A doença - A dengue é uma doença febril aguda causada por vírus, sendo um grande problema de saúde pública em todo o Brasil, que pode evoluir para a dengue hemorrágica e a síndrome do choque da dengue, caracterizada por sangramento e queda de pressão arterial, o que eleva o risco de morte.

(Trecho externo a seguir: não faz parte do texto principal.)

lemma D3_directing_append:
  assumes "fuzzy_automaton A X f" "complete_fa A X f" "u \<in> lists X" "v \<in> lists X"
    "D3_directing A f w"
  shows "D3_directing A f (u @ w @ v)"
proof -
  have finA: "finite A" "A \<noteq> {}" using fuzzy_automaton_finite[OF assms(1)] .
  obtain c where c: "c \<in> A" "\<forall>a\<in>A. c \<in> reach A f a w"
    using assms(5) by (auto simp: D3_directing_def)
  obtain d where d: "d \<in> reach A f c v"
    using reach_nonempty[OF assms(1,2) c(1) assms(4)] by auto
  have "d \<in> reach A f a (u @ w @ v)" if a: "a \<in> A" for a
  proof -
    obtain e where e: "e \<in> reach A f a u"
      using reach_nonempty[OF assms(1,2) a assms(3)] by auto
    then have "d \<in> reach A f e (w @ v)"
      using c d reach_subset[of A f a u] unfolding reach_append[OF finA] by blast
    then show ?thesis
      using e unfolding reach_append[OF finA, of f a u "w @ v"] by blast
  qed
  then show ?thesis
    using d reach_subset[of A f c v] unfolding D3_directing_def by blast
qed

lemma directing_append:
  assumes "i \<in> {2, 3}" "fuzzy_automaton A X f" "complete_fa A X f"
    "u \<in> lists X" "v \<in> lists X" "directing i A f w"
  shows "directing i A f (u @ w @ v)"
  using assms D2_directing_append[OF assms(2-4)] D3_directing_append[OF assms(2-5)]
  by (auto simp: directing_def)

lemma directable_prod:
  assumes "i \<in> {2, 3}" "CFDir i A X f" "CFDir i B X g"
  shows "directable i (A \<times> B) X (prod_trans f g)"
proof -
  have fa: "fuzzy_automaton A X f" "complete_fa A X f" "fuzzy_automaton B X g" "complete_fa B X g"
    using assms(2,3) by (auto simp: CFDir_def)
  obtain w1 where w1: "w1 \<in> lists X" "directing i A f w1"
    using assms(2) by (auto simp: CFDir_def directable_def)
  obtain w2 where w2: "w2 \<in> lists X" "directing i B g w2"
    using assms(3) by (auto simp: CFDir_def directable_def)
  have "directing i A f (w1 @ w2)"
    using directing_append[OF assms(1) fa(1,2) _ w2(1) w1(2), of "[]"] by simp
  moreover have "directing i B g (w1 @ w2)"
    using directing_append[OF assms(1) fa(3,4) w1(1) _ w2(2), of "[]"] by simp
  ultimately have "directing i (A \<times> B) (prod_trans f g) (w1 @ w2)"
    using assms(1) by (intro directing_prod[OF _ fa(1,3)]) auto
  moreover have "w1 @ w2 \<in> lists X" using w1(1) w2(1) by simp
  ultimately show ?thesis
    unfolding directable_def by blast
qed
(* Any routing labeling scheme for rooted trees on $n$ nodes needs labels of length $\log n+\Omega(\log\log n)$ bits. This holds even when restricted to the family of rooted trees on $n$ nodes in which every node has at most $2$ children. Precisely: there is a constant $c>0$ such that for all sufficiently large $n$, every routing labeling scheme for that family assigns, to some node of some tree in the family, a label of length at least $\log n+c\log\log n$.
   Context: All logarithms are base $2$. A (designer-port) routing labeling scheme for a family $\mathcal{T}$ of rooted trees consists of an encoder and a decoder. - The encoder is given $T\in\mathcal{T}$. It assigns a binary string (label) $\ell(u)$ to every node $u$. It also labels the edges from each node $u$ to its $\deg(u)$ children with distinct port numbers from $\{1,\dots,\deg(u)\}$; the encoder is free to choose these port numbers. - The decoder receives only $\ell(u)$ and $\ell(w)$ for nodes $u\neq w$ of some $T\in\mathcal{T}$; the value $\lceil\log n\rceil$, where $n=|T|$, may also be assumed known. It must return $0$ if the next node on the path from $u$ to $w$ is the parent of $u$. Otherwise it must return the port number of the first edge on that path. - The length of the scheme is the maximum label length over all trees in $\mathcal{T}$ and all their nodes. *)

theory Defs
  imports Complex_Main
begin
(* For all $d\ge1$, $\alpha>1$, positive weights $\boldsymbol\gamma=\{\gamma_u\}$ with $\gamma_\emptyset=1$, and $M\ge1$, $$\sum_{\mathbf h\notin\mathcal A_d(M)}\frac1{r(\mathbf h)}\le C_{2,d,\tau,\alpha,\boldsymbol\gamma}\,M^{-\frac{1-\tau}{\alpha\tau}}\qquad\text{for all }\tau\in(\tfrac1\alpha,1),$$ where $$C_{2,d,\tau,\alpha,\boldsymbol\gamma}:=\gamma_{\{1\}}^{\frac{\tau-1}{\alpha\tau}}\,\frac{\tau}{1-\tau}\Big(\sum_{u\subseteq\{1:d\}}\gamma_u^\tau[2\zeta(\alpha\tau)]^{|u|}\Big)^{1/\tau}.$$
   Context: $\{1:d\}=\{1,\ldots,d\}$; $\zeta$ is the Riemann zeta function. Weights $\gamma_u>0$ for finite $u\subset\mathbb N$, $\gamma_\emptyset=1$. For $\mathbf h\in\mathbb Z^d$, $\mathrm{supp}(\mathbf h)=\{j:h_j\ne0\}$, $r(\mathbf h)=\gamma_{\mathrm{supp}(\mathbf h)}^{-1}\prod_{j\in\mathrm{supp}(\mathbf h)}|h_j|^\alpha$, and $\mathcal A_d(M)=\{\mathbf h\in\mathbb Z^d:r(\mathbf h)\le M\}$. *)

theory Defs
  imports "HOL-Analysis.Analysis"
begin

definition zeta :: "real \<Rightarrow> real" where
  "zeta s = (\<Sum>n. 1 / real (Suc n) powr s)"

text \<open>Integer vectors in Z^d, represented as functions nat => int vanishing outside {1..d}.\<close>
definition lattice :: "nat \<Rightarrow> (nat \<Rightarrow> int) set" where
  "lattice d = {h. \<forall>j. j \<notin> {1..d} \<longrightarrow> h j = 0}"

definition supp :: "nat \<Rightarrow> (nat \<Rightarrow> int) \<Rightarrow> nat set" where
  "supp d h = {j \<in> {1..d}. h j \<noteq> 0}"

definition rfun :: "nat \<Rightarrow> (nat set \<Rightarrow> real) \<Rightarrow> real \<Rightarrow> (nat \<Rightarrow> int) \<Rightarrow> real" where
  "rfun d \<gamma> \<alpha> h = (\<Prod>j\<in>supp d h. real_of_int \<bar>h j\<bar> powr \<alpha>) / \<gamma> (supp d h)"

definition Aset :: "nat \<Rightarrow> (nat set \<Rightarrow> real) \<Rightarrow> real \<Rightarrow> real \<Rightarrow> (nat \<Rightarrow> int) set" where
  "Aset d \<gamma> \<alpha> M = {h \<in> lattice d. rfun d \<gamma> \<alpha> h \<le> M}"

definition C2 :: "nat \<Rightarrow> real \<Rightarrow> real \<Rightarrow> (nat set \<Rightarrow> real) \<Rightarrow> real" where
  "C2 d \<tau> \<alpha> \<gamma> = \<gamma> {1} powr ((\<tau> - 1) / (\<alpha> * \<tau>)) * (\<tau> / (1 - \<tau>)) *
     (\<Sum>u\<in>Pow {1..d}. \<gamma> u powr \<tau> * (2 * zeta (\<alpha> * \<tau>)) ^ card u) powr (1 / \<tau>)"

end

theory Submission
  imports Defs
begin

text \<open>
  Put \<open>S = \<Sum>\<^sub>u \<gamma>\<^sub>u\<^sup>\<tau> (2 \<zeta>(\<alpha>\<tau>))\<^bsup>|u|\<^esup>\<close>. Grouping lattice points by their support and
  using \<open>\<alpha>\<tau> > 1\<close> gives \<open>\<Sum>\<^sub>h r(h)\<^bsup>-\<tau>\<^esup> \<le> S\<close>. The points \<open>k e\<^sub>1\<close> with
  \<open>0 \<le> k \<le> x = (M \<gamma>({1}))\<^bsup>1/\<alpha>\<^esup>\<close> form a set \<open>L \<subseteq> A\<^sub>d(M)\<close> with \<open>N = |L| \<ge> x\<close>. If
  \<open>h\<^sub>1, h\<^sub>2, \<dots>\<close> are points outside \<open>A\<^sub>d(M)\<close> listed with increasing \<open>r\<close>, then the \<open>N + j\<close>
  points of \<open>L \<union> {h\<^sub>1, \<dots>, h\<^sub>j}\<close> all have \<open>r \<le> r(h\<^sub>j)\<close>, so \<open>(N + j) r(h\<^sub>j)\<^bsup>-\<tau>\<^esup> \<le> S\<close>,
  i.e. \<open>1 / r(h\<^sub>j) \<le> S\<^bsup>1/\<tau>\<^esup> (N + j)\<^bsup>-1/\<tau>\<^esup>\<close>. Comparing \<open>\<Sum>\<^sub>j (N + j)\<^bsup>-1/\<tau>\<^esup>\<close> with an
  integral bounds the sum by \<open>\<tau>/(1 - \<tau>) S\<^bsup>1/\<tau>\<^esup> x\<^bsup>1-1/\<tau>\<^esup>\<close>, which is the claimed bound.
\<close>

lemma powr_succ_le_diff:
  fixes a p :: real
  assumes "a > 0" "p > 1"
  shows "(a + 1) powr (- p) \<le> (a powr (1 - p) - (a + 1) powr (1 - p)) / (p - 1)"
proof -
  have "((\<lambda>z. z powr (1 - p)) has_real_derivative (1 - p) * x powr (1 - p - 1)) (at x)"
    if "a \<le> x" for x
    using assms that by (intro has_real_derivative_powr) auto
  from MVT2[of a "a + 1", OF _ this] obtain z where z: "a < z" "z < a + 1"
    and mvt: "(a + 1) powr (1 - p) - a powr (1 - p) = (a + 1 - a) * ((1 - p) * z powr (1 - p - 1))"
    by auto
  have "(a + 1) powr (- p) \<le> z powr (- p)"
    using z assms by (intro powr_mono2') auto
  also have "\<dots> = (a powr (1 - p) - (a + 1) powr (1 - p)) / (p - 1)"
    using mvt assms by (simp add: field_simps)
  finally show ?thesis .
qed

lemma sum_shifted_powr_le:
  fixes K p :: real
  assumes "K > 0" "p > 1"
  shows "(\<Sum>j=1..m. (K + real j) powr (- p)) \<le> K powr (1 - p) / (p - 1)"
proof -
  have "(\<Sum>j=1..m. (K + real j) powr (- p)) \<le> (K powr (1 - p) - (K + real m) powr (1 - p)) / (p - 1)"
  proof (induction m)
    case (Suc m)
    have "K + real (Suc m) = K + real m + 1"
      by simp
    then have "(K + real (Suc m)) powr (- p)
        \<le> ((K + real m) powr (1 - p) - (K + real (Suc m)) powr (1 - p)) / (p - 1)"
      using powr_succ_le_diff[of "K + real m" p] assms by (simp only:)
    with Suc show ?case by (simp add: diff_divide_distrib)
  qed simp
  also have "\<dots> \<le> K powr (1 - p) / (p - 1)"
    using assms by (simp add: divide_right_mono)
  finally show ?thesis .
qed

lemma summable_zeta: "s > 1 \<Longrightarrow> summable (\<lambda>n. 1 / real (Suc n) powr s)"
  using summable_real_powr_iff[of "- s"] summable_Suc_iff[of "\<lambda>n. real n powr (- s)"]
  by (simp add: powr_minus_divide)

lemma zeta_nonneg: "s > 1 \<Longrightarrow> zeta s \<ge> 0"
  unfolding zeta_def by (rule suminf_nonneg[OF summable_zeta]) auto

lemma sum_powr_le_zeta:
  assumes "s > 1" "finite N" "0 \<notin> N"
  shows "(\<Sum>n\<in>N. real n powr (- s)) \<le> zeta s"
proof -
  define K where "K = Suc -` N"
  have "N = Suc ` K"
    unfolding K_def using assms(3) by (auto simp: image_iff) (metis not0_implies_Suc)
  then have "(\<Sum>n\<in>N. real n powr (- s)) = (\<Sum>k\<in>K. 1 / real (Suc k) powr s)"
    by (simp add: sum.reindex powr_minus_divide)
  also have "\<dots> \<le> zeta s"
    unfolding zeta_def K_def using summable_zeta[OF assms(1)] assms(2)
    by (intro sum_le_suminf finite_vimageI) auto
  finally show ?thesis .
qed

Como evitar – É essencial não deixar água parada. Geralmente as larvas são encontradas em vasos e pratos de plantas, garrafas, pneus, embalagens em geral, calhas, ralos sujeitos à retenção da água da chuva, potes de água de cachorros e assim por diante. Para evitar a proliferação do mosquito é necessário retirar os pratos dos vasos de plantas ou enchê-los com areia, eliminar materiais que não são utilizados no quintal, colocar telas nos ralos, limpar as calhas com freqüência e manter bem vedados os recipientes com armazenamento de água para consumo.  Na ocorrência de chuvas é importante intensificar os cuidados para evitar o acúmulo de água nos recipientes.

Sintomas mais frequentes – Os sintomas da dengue duram aproximadamente seis dias e os mais frequentes são: febre alta, fortes dores de cabeça, dor atrás dos olhos, perda do paladar e apetite, manchas e erupções na pele semelhantes ao sarampo, náuseas e vômitos, tontura, extremo cansaço, dores no corpo, dores nos ossos, nas articulações e abdominal.